### [Task to complete]
Pick out all lines with the word "using" from the records that follow.

———

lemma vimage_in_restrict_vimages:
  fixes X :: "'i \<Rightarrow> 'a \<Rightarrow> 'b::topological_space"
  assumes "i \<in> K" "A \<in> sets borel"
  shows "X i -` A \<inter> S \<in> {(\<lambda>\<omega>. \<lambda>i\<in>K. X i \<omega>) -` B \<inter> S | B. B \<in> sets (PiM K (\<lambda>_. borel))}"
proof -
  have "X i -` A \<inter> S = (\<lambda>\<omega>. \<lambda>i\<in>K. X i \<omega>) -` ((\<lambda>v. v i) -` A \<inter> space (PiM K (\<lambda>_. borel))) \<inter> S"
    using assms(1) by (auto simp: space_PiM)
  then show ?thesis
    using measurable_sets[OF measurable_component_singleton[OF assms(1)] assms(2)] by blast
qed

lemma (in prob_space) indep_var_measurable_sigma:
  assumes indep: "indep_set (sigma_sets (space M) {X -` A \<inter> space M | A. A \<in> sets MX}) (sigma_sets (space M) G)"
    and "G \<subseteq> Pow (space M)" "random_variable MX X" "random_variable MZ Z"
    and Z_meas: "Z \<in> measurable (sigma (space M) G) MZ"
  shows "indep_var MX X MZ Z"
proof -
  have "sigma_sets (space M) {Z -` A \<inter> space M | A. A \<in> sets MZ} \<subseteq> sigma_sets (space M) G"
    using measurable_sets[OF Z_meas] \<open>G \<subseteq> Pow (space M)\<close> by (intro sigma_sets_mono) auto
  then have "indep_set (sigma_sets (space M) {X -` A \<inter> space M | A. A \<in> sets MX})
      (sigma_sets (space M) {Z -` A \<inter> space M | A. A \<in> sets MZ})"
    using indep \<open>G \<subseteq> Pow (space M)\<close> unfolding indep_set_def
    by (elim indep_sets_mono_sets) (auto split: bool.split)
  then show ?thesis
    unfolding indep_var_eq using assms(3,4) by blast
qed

———

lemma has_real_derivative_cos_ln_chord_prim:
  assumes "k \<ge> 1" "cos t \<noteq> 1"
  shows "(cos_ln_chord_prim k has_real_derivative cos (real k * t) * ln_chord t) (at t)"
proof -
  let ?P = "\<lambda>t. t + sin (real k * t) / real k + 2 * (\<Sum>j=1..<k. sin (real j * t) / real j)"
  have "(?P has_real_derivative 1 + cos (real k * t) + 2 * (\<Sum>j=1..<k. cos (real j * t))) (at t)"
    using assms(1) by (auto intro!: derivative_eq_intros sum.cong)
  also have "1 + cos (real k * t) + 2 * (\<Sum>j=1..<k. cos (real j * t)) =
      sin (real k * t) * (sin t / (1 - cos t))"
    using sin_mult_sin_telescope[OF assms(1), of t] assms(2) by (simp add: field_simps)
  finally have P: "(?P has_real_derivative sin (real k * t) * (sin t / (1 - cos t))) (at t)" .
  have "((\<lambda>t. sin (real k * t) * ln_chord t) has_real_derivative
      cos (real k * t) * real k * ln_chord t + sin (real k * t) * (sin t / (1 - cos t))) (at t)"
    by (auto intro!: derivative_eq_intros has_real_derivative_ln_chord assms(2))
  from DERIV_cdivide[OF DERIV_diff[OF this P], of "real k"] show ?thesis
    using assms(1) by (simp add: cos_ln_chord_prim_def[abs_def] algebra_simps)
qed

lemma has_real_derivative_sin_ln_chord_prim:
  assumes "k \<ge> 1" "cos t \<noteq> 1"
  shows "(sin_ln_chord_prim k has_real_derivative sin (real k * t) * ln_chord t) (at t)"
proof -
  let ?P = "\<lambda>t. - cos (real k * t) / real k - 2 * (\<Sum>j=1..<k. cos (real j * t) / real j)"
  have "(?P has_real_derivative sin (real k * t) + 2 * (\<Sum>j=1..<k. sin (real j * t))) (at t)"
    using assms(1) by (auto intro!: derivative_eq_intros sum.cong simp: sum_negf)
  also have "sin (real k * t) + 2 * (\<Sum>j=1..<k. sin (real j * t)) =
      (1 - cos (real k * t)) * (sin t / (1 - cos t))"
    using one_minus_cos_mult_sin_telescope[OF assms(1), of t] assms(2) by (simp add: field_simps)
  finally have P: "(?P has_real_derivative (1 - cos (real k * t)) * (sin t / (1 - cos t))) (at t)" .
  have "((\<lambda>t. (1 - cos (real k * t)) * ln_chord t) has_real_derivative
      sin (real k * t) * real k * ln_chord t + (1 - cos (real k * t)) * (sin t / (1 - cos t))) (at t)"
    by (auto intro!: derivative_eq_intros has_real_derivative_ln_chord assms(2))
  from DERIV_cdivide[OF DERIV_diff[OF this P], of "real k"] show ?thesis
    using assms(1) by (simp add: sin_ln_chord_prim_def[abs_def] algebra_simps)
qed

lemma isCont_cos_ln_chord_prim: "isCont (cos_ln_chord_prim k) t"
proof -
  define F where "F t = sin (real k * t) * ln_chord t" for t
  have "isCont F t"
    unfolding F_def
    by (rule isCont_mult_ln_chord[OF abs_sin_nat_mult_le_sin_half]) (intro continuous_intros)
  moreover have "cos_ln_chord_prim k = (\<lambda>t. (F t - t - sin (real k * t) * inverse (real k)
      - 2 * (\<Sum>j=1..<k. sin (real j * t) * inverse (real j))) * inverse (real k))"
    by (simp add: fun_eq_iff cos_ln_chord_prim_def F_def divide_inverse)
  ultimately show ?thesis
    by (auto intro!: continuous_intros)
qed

———

### [Written solution]
    using assms(1) by (auto simp: space_PiM)
    using measurable_sets[OF measurable_component_singleton[OF assms(1)] assms(2)] by blast
    using measurable_sets[OF Z_meas] \<open>G \<subseteq> Pow (space M)\<close> by (intro sigma_sets_mono) auto
    using indep \<open>G \<subseteq> Pow (space M)\<close> unfolding indep_set_def
    unfolding indep_var_eq using assms(3,4) by blast
    using assms(1) by (auto intro!: derivative_eq_intros sum.cong)
    using sin_mult_sin_telescope[OF assms(1), of t] assms(2) by (simp add: field_simps)
    using assms(1) by (simp add: cos_ln_chord_prim_def[abs_def] algebra_simps)
    using assms(1) by (auto intro!: derivative_eq_intros sum.cong simp: sum_negf)
    using one_minus_cos_mult_sin_telescope[OF assms(1), of t] assms(2) by (simp add: field_simps)
    using assms(1) by (simp add: sin_ln_chord_prim_def[abs_def] algebra_simps)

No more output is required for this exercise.